═════ Stored data ═════

lemma dist_closest_points_sq_le:
  fixes A B :: "'v::euclidean_space set"
  assumes A: "convex A" "closed A" "A \<noteq> {}" and B: "convex B" "closed B" "B \<noteq> {}"
    and AB: "\<And>p. p \<in> A \<Longrightarrow> \<exists>q\<in>B. dist p q \<le> h" and BA: "\<And>q. q \<in> B \<Longrightarrow> \<exists>p\<in>A. dist p q \<le> h"
  shows "(dist (closest_point A x) (closest_point B x))\<^sup>2
           \<le> h * (dist x (closest_point A x) + dist x (closest_point B x))"
proof -
  define p q where "p = closest_point A x" and "q = closest_point B x"
  have "p \<in> A" "q \<in> B" unfolding p_def q_def using A B by (auto intro: closest_point_in_set)
  then obtain p' q' where p': "p' \<in> B" "dist p p' \<le> h" and q': "q' \<in> A" "dist q' q \<le> h"
    using AB BA by blast
  have "(x - p) \<bullet> (q - p) = (x - p) \<bullet> (q' - p) + (x - p) \<bullet> (q - q')"
    by (simp add: inner_diff_right)
  also have "\<dots> \<le> 0 + dist x p * h"
    using closest_point_dot[OF A(1,2) q'(1)] norm_cauchy_schwarz[of "x - p" "q - q'"] q'(2)
      mult_left_mono[of "dist q' q" h "dist x p"]
    unfolding p_def by (intro add_mono) (auto simp: dist_norm norm_minus_commute)
  finally have 1: "(x - p) \<bullet> (q - p) \<le> dist x p * h" by simp
  have "(x - q) \<bullet> (p - q) = (x - q) \<bullet> (p' - q) + (x - q) \<bullet> (p - p')"
    by (simp add: inner_diff_right)
  also have "\<dots> \<le> 0 + dist x q * h"
    using closest_point_dot[OF B(1,2) p'(1)] norm_cauchy_schwarz[of "x - q" "p - p'"] p'(2)
      mult_left_mono[of "dist p p'" h "dist x q"]
    unfolding q_def by (intro add_mono) (auto simp: dist_norm)
  finally have 2: "(x - q) \<bullet> (p - q) \<le> dist x q * h" by simp
  have "(dist p q)\<^sup>2 = (x - p) \<bullet> (q - p) + (x - q) \<bullet> (p - q)"
    by (simp add: dist_norm power2_norm_eq_inner algebra_simps inner_commute)
  with 1 2 show ?thesis unfolding p_def q_def by (simp add: algebra_simps)
qed

section \<open>Polyhedral sets\<close>

definition polyhedral_set :: "('n::finite \<Rightarrow> 'v::real_inner) \<Rightarrow> ('n \<Rightarrow> real) \<Rightarrow> 'v set" where
  "polyhedral_set a b = {w. \<forall>j. b j \<le> a j \<bullet> w}"

lemma polyhedral_set_eq_Inter: "polyhedral_set a b = (\<Inter>j. {w. a j \<bullet> w \<ge> b j})"
  unfolding polyhedral_set_def by auto

lemma closed_polyhedral_set: "closed (polyhedral_set a b)"
  unfolding polyhedral_set_eq_Inter by (intro closed_INT ballI closed_halfspace_ge)

lemma convex_polyhedral_set: "convex (polyhedral_set a b)"
  unfolding polyhedral_set_eq_Inter by (intro convex_INT ballI convex_halfspace_ge)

═════

What needs to be done: Whenever a line above includes "lemma", copy it in full.

Written answer:
lemma dist_closest_points_sq_le:
lemma polyhedral_set_eq_Inter: "polyhedral_set a b = (\<Inter>j. {w. a j \<bullet> w \<ge> b j})"
lemma closed_polyhedral_set: "closed (polyhedral_set a b)"
lemma convex_polyhedral_set: "convex (polyhedral_set a b)"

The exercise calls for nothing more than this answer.